A third attempt at this blogging business.
|I'm back home from my trip to Buffalo...looks like I've got a few prompts to catch up with if I'm gonna win this month's "30-Day Blogging Challenge" .
30DBC PROMPT (Friday): "Wardrobe malfunctions: How can this topic not be funny? From nip slips to unexpected wind gusts, share your best/worst wardrobe malfunctions or those you have witnessed."
I see it. You see it. If you have functioning eyes you can't get away from the tire fires some people try to pull off as "outfits". There truly are some unfortunate people out there who just don't realize how ridiculous they look once they leave their sanctified mirrors. And as much as I'd love to pile on that gross misjudgment of society, I can't...perhaps it's the self-deprecation gene in me that feels like I have to share more than you want (or care) to know.
Sharts. Don't look at me like you don't know what I'm talking about. That moment when you think you have to fart and can let it slip out easily, but you wind up shitting yourself. It's like life hating you, only a bazillion times worse.
See, it starts with the crazy ex, and it typically involves a long night of drinking draft beer in a lousy bar you stayed at for two hours longer than you hoped you'd be there, because crazy ex is super cute and fun sex. Only, if she gets too drunk, she starts reminding you that she's batshit cray-crazy, misses her husband in his coked-up glory, and starts beating you because you got a text from another female (while her phone is being blown up by random dudes). When sex isn't salvageable, and you have to work in the AM, you have an appearance to put on. Batshit doesn't wear well on middle management.
So I'm at work, doing my managerial duties the morning after a long night of poor decisions. I feel the gas, and I'm prepared to gently let it exit my body...but it feels a lot warmer than usual. Yup, that was a beer poop. On the sales floor. Humiliation washed over me like the worst rain storm you've ever been caught in, multiplied by a ginormous panic attack.
Again, don't act like you've never been there.
Fortunately, my sister and youngest brother lived down the street from the store I was working at, and Bro Mike was the same waist size as me. Snuck my cell phone into the bathroom, called up Selfish Whore (pet name for kid sis), and was like "Can you, uhhh, bring me some boxers? I, uhhh, had an accident." What else do you say? I shit myself, please help?

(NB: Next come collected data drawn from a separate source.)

(* Let $\Lambda>1$ and let $(v_1,v_2)$ be a solution with positive components of \[ -v_1''+v_1^3-v_1+\Lambda v_2^2v_1=0,\qquad -v_2''+v_2^3-v_2+\Lambda v_1^2v_2=0,\qquad z\in\mathbb{R}, \] \[ (v_1,v_2)\to(0,1)\ \text{as } z\to-\infty,\qquad (v_1,v_2)\to(1,0)\ \text{as } z\to+\infty. \] Then $v_1'>0$ on $\mathbb{R}$ implies $v_2'<0$ on $\mathbb{R}$, and conversely $v_2'<0$ on $\mathbb{R}$ implies $v_1'>0$ on $\mathbb{R}$. *)

theory Defs
  imports "HOL-Analysis.Analysis"
begin

end

theory Submission
  imports Defs "HOL-Real_Asymp.Real_Asymp"
begin

(* Let phi = v2'/v2 and N = v2 v2'' - v2'^2, so that phi' = N / v2^2. The equation for v2 gives
   N' = 2 v2^2 (v2 v2' + \<Lambda> v1 v1'), which is positive wherever phi >= 0 once v1' > 0 (only \<Lambda> > 0
   matters). So if phi >= 0 and N >= 0 at a point, N stays positive to its right and phi increases
   there; mirrored, if phi >= 0 and N <= 0 at a point, phi increases towards the left.
   Assume v2'(z0) >= 0. If N(z0) >= 0, then v2' >= 0 on [z0, \<infinity>), contradicting v2 -> 0 at +\<infinity>.
   If N(z0) <= 0, then v2'/v2 is bounded below by a positive constant on a left half-line, so
   v2 -> 0 at -\<infinity>, contradicting v2 -> 1. The converse implication is the same statement for the
   reflected solution (v2(-z), v1(-z)). *)

lemma first_nonpos_point:
  fixes q :: "real \<Rightarrow> real"
  assumes cont: "\<And>x. isCont q x"
    and "d > 0" and pos: "\<And>x. a < x \<Longrightarrow> x < a + d \<Longrightarrow> q x > 0"
    and "a < b" and "q b \<le> 0"
  shows "\<exists>s>a. q s \<le> 0 \<and> (\<forall>x. a < x \<longrightarrow> x < s \<longrightarrow> q x > 0)"
proof -
  define Z where "Z = {x. a + d / 2 \<le> x \<and> q x \<le> 0}"
  have "closed Z"
    unfolding Z_def using cont
    by (intro closed_Collect_conj closed_Collect_le continuous_intros continuous_at_imp_continuous_on) auto
  moreover have "bdd_below Z"
    by (auto simp: Z_def bdd_below_def)
  moreover have "b \<in> Z"
    using pos[of b] \<open>a < b\<close> \<open>q b \<le> 0\<close> \<open>d > 0\<close> by (force simp: Z_def)
  ultimately have "Inf Z \<in> Z"
    using closed_contains_Inf by blast
  then have "a < Inf Z" "q (Inf Z) \<le> 0"
    using \<open>d > 0\<close> by (auto simp: Z_def)
  moreover have "q x > 0" if "a < x" "x < Inf Z" for x
  proof (cases "x < a + d / 2")
    case True
    then show ?thesis using pos that \<open>d > 0\<close> by auto
  next
    case False
    then have "x \<notin> Z"
      using that \<open>bdd_below Z\<close> by (metis cInf_lower leD)
    then show ?thesis using False by (auto simp: Z_def)
  qed
  ultimately show ?thesis by blast
qed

She came through though, and I was able to continue the workday free of voided bowels. I'll genuinely take a nip slip or some "oopsie, maybe it was on purpose and maybe it wasn't" panty shot over the shart. There is no possible explaining-away of the shart. It's telltale, and you need to act fast lest it becomes your legacy...nobody wants to be that guy who shat himself! And if you've ever experienced this morning-after draft beer phenomenon, don't be shy about it. I'm with ya, brothers and sisters. Shit happens...to all of us. And if it hasn't yet, someday it will.